Neither of us had read any Sin City before seeing the movie, and my bourgeoise tastes had only exposed me to Miller's Batman, Daredevil, and Elektra work. We thought Sin City was well-made but not great, and closer to Kill Bill than Pulp Fiction. We liked the production design and the integration of CGI with live-action, but we thought the plot could have been a little tighter. The movie spent enough time on Josh Hartnett and Brittany Murphy's characters that we expected a little more closure to their stories. The acting was good throughout, but bless her heart, Jessica Alba was the weakest link there.
It didn't help that Marv and Hartigan had the same basic story arc -- fighting the corrupt overlords for the honor of the pure women they loved, and ultimately dying to save them. If their stories were meant as bookends, I could understand that; but at the risk of upsetting Rodriguez' vision of translating Miller to the screen, you could have blended them into the same story without losing too much. (The timeline was also screwy, since Hartigan's big sequence comes at the end and is basically a flashback.)
The real test of Sin City's success may well come this summer, when the mainstream media tries to contrast the Batman and Fantastic Four movies with it. Sin City represents a stunning technical achievement, recreating an artist's work in a more direct way than ever before. It makes the lauded set designs for Tim Burton's Batman movies look cheap and obvious by comparison. If Roger Ebert and company are bemoaning the lack of a CG Gotham City in Batman Begins, we will know that Sin City has broadened their minds.
However, Sin City's stylized action and violence may end up reinforcing the cliche that comics are only a higher class of lurid pulp entertainment. Certainly Marv comes across as tougher than normal, if not superhuman, to the extent that I halfway expected the electric chair to have no effect on him.
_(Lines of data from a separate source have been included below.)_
lemma value_le_worst_error: "ennreal (lv \<bullet> p) \<le> worst_error F B H Q1 Q2 lv u c"
proof -
  define a where "a = f_hat \<bullet> (Q1 *v f_hat)"
  define b where "b = (H *v p) \<bullet> (Q2 *v (H *v p))"
  define s1 where "s1 = (lv - transpose H *v u) \<bullet> p"
  define s2 where "s2 = u \<bullet> (H *v p)"
  have "s1 + s2 = a + b"
    using value_eq
    by (simp add: s1_def s2_def a_def b_def inner_diff_left inner_transpose_mult del: transpose_matrix_vector)
  obtain t where t: "t^2 * a \<le> 1" "2 * s1 - a \<le> (t * s1 - c)^2"
    using exists_scaling_sq_ge[of a] sym_posdef_nonneg[OF Q1] a_def by blast
  obtain r where r: "r^2 * b \<le> 1" "2 * s2 - b \<le> (r * s2 - 0)^2"
    using exists_scaling_sq_ge[of b] sym_posdef_nonneg[OF Q2] b_def by blast
  have "t *\<^sub>R f_hat \<in> Gset Q1"
    using t(1) by (simp add: Gset_def a_def matrix_vector_mult_scaleR power2_eq_square inner_commute)
  moreover have "F *v (t *\<^sub>R p) = B *v (t *\<^sub>R f_hat)"
    by (simp add: matrix_vector_mult_scaleR F_p_eq)
  moreover have "two_point (r *\<^sub>R (H *v p)) \<in> noise_dists Q2"
    using r(1) by (intro two_point_in_noise_dists)
      (simp add: b_def matrix_vector_mult_scaleR power2_eq_square mult_ac)
  ultimately have "ennreal (((lv - transpose H *v u) \<bullet> (t *\<^sub>R p) - c)^2
      + (\<integral>e. (u \<bullet> e)^2 \<partial>two_point (r *\<^sub>R (H *v p)))) \<le> worst_error F B H Q1 Q2 lv u c"
    by (rule worst_error_ge)
  moreover have "((lv - transpose H *v u) \<bullet> (t *\<^sub>R p) - c)^2
      + (\<integral>e. (u \<bullet> e)^2 \<partial>two_point (r *\<^sub>R (H *v p))) = (t * s1 - c)^2 + (r * s2 - 0)^2"
    by (simp add: integral_inner_sq_two_point s1_def s2_def del: transpose_matrix_vector)
  moreover have "lv \<bullet> p \<le> (t * s1 - c)^2 + (r * s2 - 0)^2"
    using t(2) r(2) \<open>s1 + s2 = a + b\<close> value_eq a_def b_def by linarith
  ultimately show ?thesis
    by (metis ennreal_leI order_trans)
qed

lemma worst_error_at_estimate: "worst_error F B H Q1 Q2 lv (Q2 *v (H *v p)) 0 = ennreal (lv \<bullet> p)"
  by (rule antisym[OF worst_error_at_estimate_le value_le_worst_error])

lemma minimax_error_eq: "minimax_error F B H Q1 Q2 lv = ennreal (lv \<bullet> p)"
  unfolding minimax_error_def
proof (rule antisym)
  show "(INF uc. worst_error F B H Q1 Q2 lv (fst uc) (snd uc)) \<le> ennreal (lv \<bullet> p)"
    by (rule INF_lower2[of "(Q2 *v (H *v p), 0)"]) (simp_all add: worst_error_at_estimate)
  show "ennreal (lv \<bullet> p) \<le> (INF uc. worst_error F B H Q1 Q2 lv (fst uc) (snd uc))"
    by (rule INF_greatest) (rule value_le_worst_error)
qed

end

lemma eq_top_if_unbounded_sq:
  fixes s c :: real
  assumes "s \<noteq> 0" and "\<And>t. ennreal ((t * s - c)^2) \<le> W"
  shows "W = \<top>"
proof (rule ccontr)
  assume "W \<noteq> \<top>"
  then obtain E where W: "W = ennreal E" and "0 \<le> E"
    by (cases W) auto
  have "((c + E + 1) / s * s - c)^2 = (E + 1)^2"
    using assms(1) by simp
  then have "(E + 1)^2 \<le> E"
    using assms(2)[of "(c + E + 1) / s"] W \<open>0 \<le> E\<close> by simp
  moreover have "E + 1 \<le> (E + 1)^2"
    using \<open>0 \<le> E\<close> by (intro self_le_power) simp_all
  ultimately show False
    by linarith
qed

lemma worst_error_eq_top:
  assumes "lv \<notin> Fspace F H"
  shows "worst_error F B H Q1 Q2 lv u c = \<top>"
proof -
  have "lv - transpose H *v u \<notin> range ((*v) (transpose F))"
  proof
    assume "lv - transpose H *v u \<in> range ((*v) (transpose F))"
    then obtain z where "lv - transpose H *v u = transpose F *v z" by blast
    then have "lv = transpose F *v z + transpose H *v u"
      by (simp add: algebra_simps del: transpose_matrix_vector)
    with assms show False
      unfolding Fspace_def by blast
  qed
  then obtain r where Fr: "F *v r = 0" and s: "(lv - transpose H *v u) \<bullet> r \<noteq> 0"
    by (rule kernel_vector_not_orthogonal)
  show ?thesis
  proof (rule eq_top_if_unbounded_sq[OF s])
    fix t
    have "0 \<in> Gset Q1" and "F *v (t *\<^sub>R r) = B *v 0"
      by (simp_all add: Gset_def matrix_vector_mult_scaleR Fr)
    moreover have "two_point 0 \<in> noise_dists Q2"
      by (rule two_point_in_noise_dists) simp
    ultimately show "ennreal ((t * ((lv - transpose H *v u) \<bullet> r) - c)^2) \<le> worst_error F B H Q1 Q2 lv u c"
      using worst_error_ge[of 0 Q1 F "t *\<^sub>R r" B "two_point 0" Q2 lv H u c]
      by (simp add: integral_inner_sq_two_point del: transpose_matrix_vector)
  qed
qed

theorem mainTheorem1:
  fixes F :: "real^'n^'m" and B :: "real^'p^'m" and H :: "real^'n^'l"
    and Q1 :: "real^'p^'p" and Q2 :: "real^'l^'l" and lv :: "real^'n"
  assumes "sym_posdef Q1" and "sym_posdef Q2"
  shows "(lv \<in> Fspace F H \<longrightarrow>
            (\<exists>p z. F *v p = (B ** matrix_inv Q1 ** transpose B) *v z \<and>
                   transpose F *v z = lv - transpose H *v (Q2 *v (H *v p))) \<and>
            (\<forall>p z. F *v p = (B ** matrix_inv Q1 ** transpose B) *v z \<and>
                   transpose F *v z = lv - transpose H *v (Q2 *v (H *v p)) \<longrightarrow>
               worst_error F B H Q1 Q2 lv (Q2 *v (H *v p)) 0 = minimax_error F B H Q1 Q2 lv \<and>
               minimax_error F B H Q1 Q2 lv = ennreal (lv \<bullet> p)))
       \<and> (lv \<notin> Fspace F H \<longrightarrow> minimax_error F B H Q1 Q2 lv = \<infinity>)"
proof (intro conjI impI allI)
  assume "lv \<in> Fspace F H"
  then show "\<exists>p z. F *v p = (B ** matrix_inv Q1 ** transpose B) *v z \<and>
                   transpose F *v z = lv - transpose H *v (Q2 *v (H *v p))"
    by (rule kkt_system_solvable[OF assms])
next
  fix p z
  assume "F *v p = (B ** matrix_inv Q1 ** transpose B) *v z \<and>
          transpose F *v z = lv - transpose H *v (Q2 *v (H *v p))"
  then interpret kkt_solution F B H Q1 Q2 lv p z
    using assms by unfold_locales auto
  show "worst_error F B H Q1 Q2 lv (Q2 *v (H *v p)) 0 = minimax_error F B H Q1 Q2 lv"
    and "minimax_error F B H Q1 Q2 lv = ennreal (lv \<bullet> p)"
    by (simp_all add: worst_error_at_estimate minimax_error_eq)
next
  assume "lv \<notin> Fspace F H"
  then show "minimax_error F B H Q1 Q2 lv = \<infinity>"
    unfolding minimax_error_def by (simp add: worst_error_eq_top)
qed

end
(* Let $R$ be a non-associative ring with pairwise commuting additive bijections $\sigma_1,\ldots,\sigma_n$ respecting $1$. If $R$ is left (right) Noetherian, then so is $R[X_1^\pm,\ldots,X_n^\pm;\sigma_1,\ldots,\sigma_n]$.
   Context: All rings are unital; a non-associative ring is a ring that is not necessarily associative. Left (right) Noetherian means satisfying the ascending chain condition on left (right) ideals. For a non-associative ring $R$ and an additive bijection $\sigma$ of $R$ with $\sigma(1)=1$, the non-associative skew Laurent polynomial ring $R[X^\pm;\sigma]$ is the additive group of finite formal sums $\sum_{i\in\mathbb{Z}} r_iX^i$ ($r_i\in R$) with multiplication given by the biadditive extension of $(rX^m)(sX^n)=(r\sigma^m(s))X^{m+n}$ for $r,s\in R$, $m,n\in\mathbb{Z}$. Given pairwise commuting additive bijections $\sigma_1,\ldots,\sigma_n$ of $R$ respecting $1$, the iterated ring $R[X_1^\pm,\ldots,X_n^\pm;\sigma_1,\ldots,\sigma_n]$ is constructed as follows: set $S_1 := R[X_1^\pm;\sigma_1]$; once $S_i$ is constructed for $i<n$, set $S_{i+1}:=S_i[X_{i+1}^\pm;\widehat{\sigma}_{i+1}]$, where $\widehat{\sigma}_{i+1}$ is the additive bijection on $S_i$ (respecting $1$) defined by $\widehat{\sigma}_{i+1}(rX_1^{m_1}\cdots X_i^{m_i})=\sigma_{i+1}(r)X_1^{m_1}\cdots X_i^{m_i}$. The resulting ring $S_n = R[X_1^\pm;\sigma_1]\cdots[X_n^\pm;\widehat{\sigma}_n]$ is denoted $R[X_1^\pm,\ldots,X_n^\pm;\sigma_1,\ldots,\sigma_n]$. *)

theory Defs
  imports Main "HOL-Library.Function_Algebras"
begin

definition nonassoc_ring :: "('a::ab_group_add \<Rightarrow> 'a \<Rightarrow> 'a) \<Rightarrow> 'a \<Rightarrow> bool" where
  "nonassoc_ring m one \<longleftrightarrow>
     (\<forall>x y z. m x (y + z) = m x y + m x z) \<and>
     (\<forall>x y z. m (x + y) z = m x z + m y z) \<and>
     (\<forall>x. m one x = x \<and> m x one = x)"

definition additive :: "('a::ab_group_add \<Rightarrow> 'a) \<Rightarrow> bool" where
  "additive s \<longleftrightarrow> (\<forall>x y. s (x + y) = s x + s y)"

definition left_ideal :: "'b::ab_group_add set \<Rightarrow> ('b \<Rightarrow> 'b \<Rightarrow> 'b) \<Rightarrow> 'b set \<Rightarrow> bool" where
  "left_ideal C m I \<longleftrightarrow> I \<subseteq> C \<and> 0 \<in> I \<and> (\<forall>x\<in>I. \<forall>y\<in>I. x + y \<in> I) \<and>
     (\<forall>x\<in>I. - x \<in> I) \<and> (\<forall>r\<in>C. \<forall>x\<in>I. m r x \<in> I)"

definition right_ideal :: "'b::ab_group_add set \<Rightarrow> ('b \<Rightarrow> 'b \<Rightarrow> 'b) \<Rightarrow> 'b set \<Rightarrow> bool" where
  "right_ideal C m I \<longleftrightarrow> I \<subseteq> C \<and> 0 \<in> I \<and> (\<forall>x\<in>I. \<forall>y\<in>I. x + y \<in> I) \<and>
     (\<forall>x\<in>I. - x \<in> I) \<and> (\<forall>r\<in>C. \<forall>x\<in>I. m x r \<in> I)"

definition left_noetherian :: "'b::ab_group_add set \<Rightarrow> ('b \<Rightarrow> 'b \<Rightarrow> 'b) \<Rightarrow> bool" where
  "left_noetherian C m \<longleftrightarrow>
     (\<forall>I :: nat \<Rightarrow> 'b set. (\<forall>k. left_ideal C m (I k)) \<and> (\<forall>k. I k \<subseteq> I (Suc k)) \<longrightarrow>
        (\<exists>N. \<forall>k\<ge>N. I k = I N))"

definition right_noetherian :: "'b::ab_group_add set \<Rightarrow> ('b \<Rightarrow> 'b \<Rightarrow> 'b) \<Rightarrow> bool" where
  "right_noetherian C m \<longleftrightarrow>
     (\<forall>I :: nat \<Rightarrow> 'b set. (\<forall>k. right_ideal C m (I k)) \<and> (\<forall>k. I k \<subseteq> I (Suc k)) \<longrightarrow>
        (\<exists>N. \<forall>k\<ge>N. I k = I N))"

definition zpow :: "('b \<Rightarrow> 'b) \<Rightarrow> int \<Rightarrow> 'b \<Rightarrow> 'b" where
  "zpow s j = (if 0 \<le> j then s ^^ nat j else inv s ^^ nat (- j))"

text \<open>Elements of B[X^\<pm>;s] are finitely supported functions int => B (coefficient of X^j).
  Multiplication is the biadditive extension of (b X^j)(c X^k) = (b s^j(c)) X^(j+k).\<close>
definition skl_mult :: "('b::comm_monoid_add \<Rightarrow> 'b \<Rightarrow> 'b) \<Rightarrow> ('b \<Rightarrow> 'b) \<Rightarrow>
    (int \<Rightarrow> 'b) \<Rightarrow> (int \<Rightarrow> 'b) \<Rightarrow> (int \<Rightarrow> 'b)" where
  "skl_mult m s f g = (\<lambda>l. \<Sum>(j, k) \<in> {(j, k). f j \<noteq> 0 \<and> g k \<noteq> 0 \<and> j + k = l}.
                              m (f j) (zpow s j (g k)))"
lemma screw_factorization_exists:
  fixes A B :: "real^3^3"
  assumes "cross3 (column 1 A) (column 2 A) \<noteq> 0"
  shows "\<exists>R p U1 U2. rotation_matrix R \<and> upper_triangular3 U1 \<and> upper_triangular3 U2 \<and>
    U1$1$1 > 0 \<and> U1$2$2 > 0 \<and> (A, B) = blockmult (screw R p) (U1, U2)"
proof -
  obtain R U1 where R: "rotation_matrix R" "upper_triangular3 U1" "U1$1$1 > 0" "U1$2$2 > 0"
    and A: "A = R ** U1"
    using rotation_upper_triangular3_factor_exists[OF assms] by blast
  then obtain q where q: "upper_triangular3 (transpose R ** B - skew q ** U1)"
    using ex1_upper_triangular3_diff_skew_mult[of U1 "transpose R ** B"] by force
  have "transpose R *v (R *v q) = q"
    using R(1) orthogonal_matrix_transpose_mult_eq_iff[of R] by (simp add: rotation_matrix_def)
  then have "(A, B) = blockmult (screw R (R *v q)) (U1, transpose R ** B - skew q ** U1)"
    unfolding blockmult_screw_eq_iff[OF R(1)] using A by simp
  then show ?thesis
    using R q by blast
qed

lemma screw_factorization_unique:
  assumes R: "rotation_matrix R" "upper_triangular3 U1" "upper_triangular3 U2"
      "U1$1$1 > 0" "U1$2$2 > 0"
    and V: "is_screw S" "upper_triangular3 V1" "upper_triangular3 V2" "V1$1$1 > 0" "V1$2$2 > 0"
    and eq: "blockmult S (V1, V2) = blockmult (screw R p) (U1, U2)"
  shows "S = screw R p \<and> V1 = U1 \<and> V2 = U2"
proof -
  from V(1) obtain R' p' where R': "rotation_matrix R'" and S: "S = screw R' p'"
    by (auto simp: is_screw_def)
  obtain A B where AB: "(A, B) = blockmult (screw R p) (U1, U2)"
    by (metis surj_pair)
  have "(A, B) = blockmult (screw R' p') (V1, V2)"
    using AB eq S by simp
  then have "A = R ** U1 \<and> U2 = transpose R ** B - skew (transpose R *v p) ** U1"
    and "A = R' ** V1 \<and> V2 = transpose R' ** B - skew (transpose R' *v p') ** V1"
    using AB unfolding blockmult_screw_eq_iff[OF R(1)] blockmult_screw_eq_iff[OF R'] by simp_all
  moreover from this have "R' = R" "V1 = U1"
    using rotation_upper_triangular3_factor_unique[OF R' V(2,4,5) R(1,2,4,5)] by simp_all
  moreover from calculation have "transpose R *v p' = transpose R *v p"
    using ex1_upper_triangular3_diff_skew_mult[OF R(2), of "transpose R ** B"] R(3,4,5) V(3)
    by (metis less_irrefl)
  then have "p' = p"
    using R(1) orthogonal_matrix_transpose_mult_eq_iff[of R] unfolding rotation_matrix_def by metis
  ultimately show ?thesis
    using S by simp
qed

theorem theorem1:
  fixes A B :: "real^3^3"
  assumes "norm (column 1 A) \<noteq> 0"
    and "cross3 (column 1 A) (column 2 A) \<noteq> 0"
  shows "\<exists>!(S, U). is_screw S \<and>
           upper_triangular3 (fst U) \<and> upper_triangular3 (snd U) \<and>
           fst U $ 1 $ 1 > 0 \<and> fst U $ 2 $ 2 > 0 \<and>
           (A, B) = blockmult S U"
proof -
  obtain R p U1 U2 where R: "rotation_matrix R" "upper_triangular3 U1" "upper_triangular3 U2"
      "U1$1$1 > 0" "U1$2$2 > 0" and AB: "(A, B) = blockmult (screw R p) (U1, U2)"
    using screw_factorization_exists[OF assms(2)] by blast
  have "is_screw (screw R p)"
    using R(1) by (auto simp: is_screw_def)
  then show ?thesis
    unfolding prod.case_eq_if using R AB screw_factorization_unique[OF R]
    by (intro ex1I[of _ "(screw R p, (U1, U2))"]) (simp, metis prod.collapse)
qed

end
Giving the female enforcers of Old Town distinctive costumes and identities may also place them only one step away from an X-rated X-Men (sorry) in the minds of the general public. Accordingly, Sin City's impact could only be to signal comics' potential for nudity and gore.
In the end, I'm glad I saw Sin City. I hate to be pessimistic about it, but since "comic book movie" has become more of an established genre over the past several years, each new entry tends to get squeezed into the existing definition, rather than expanding it. Sin City is not Batman, Fantastic Four, or even Ghost World. Instead, it is an homage to a series of homages. It was entertaining and groundbreaking, but its ultimate effect remains to be seen.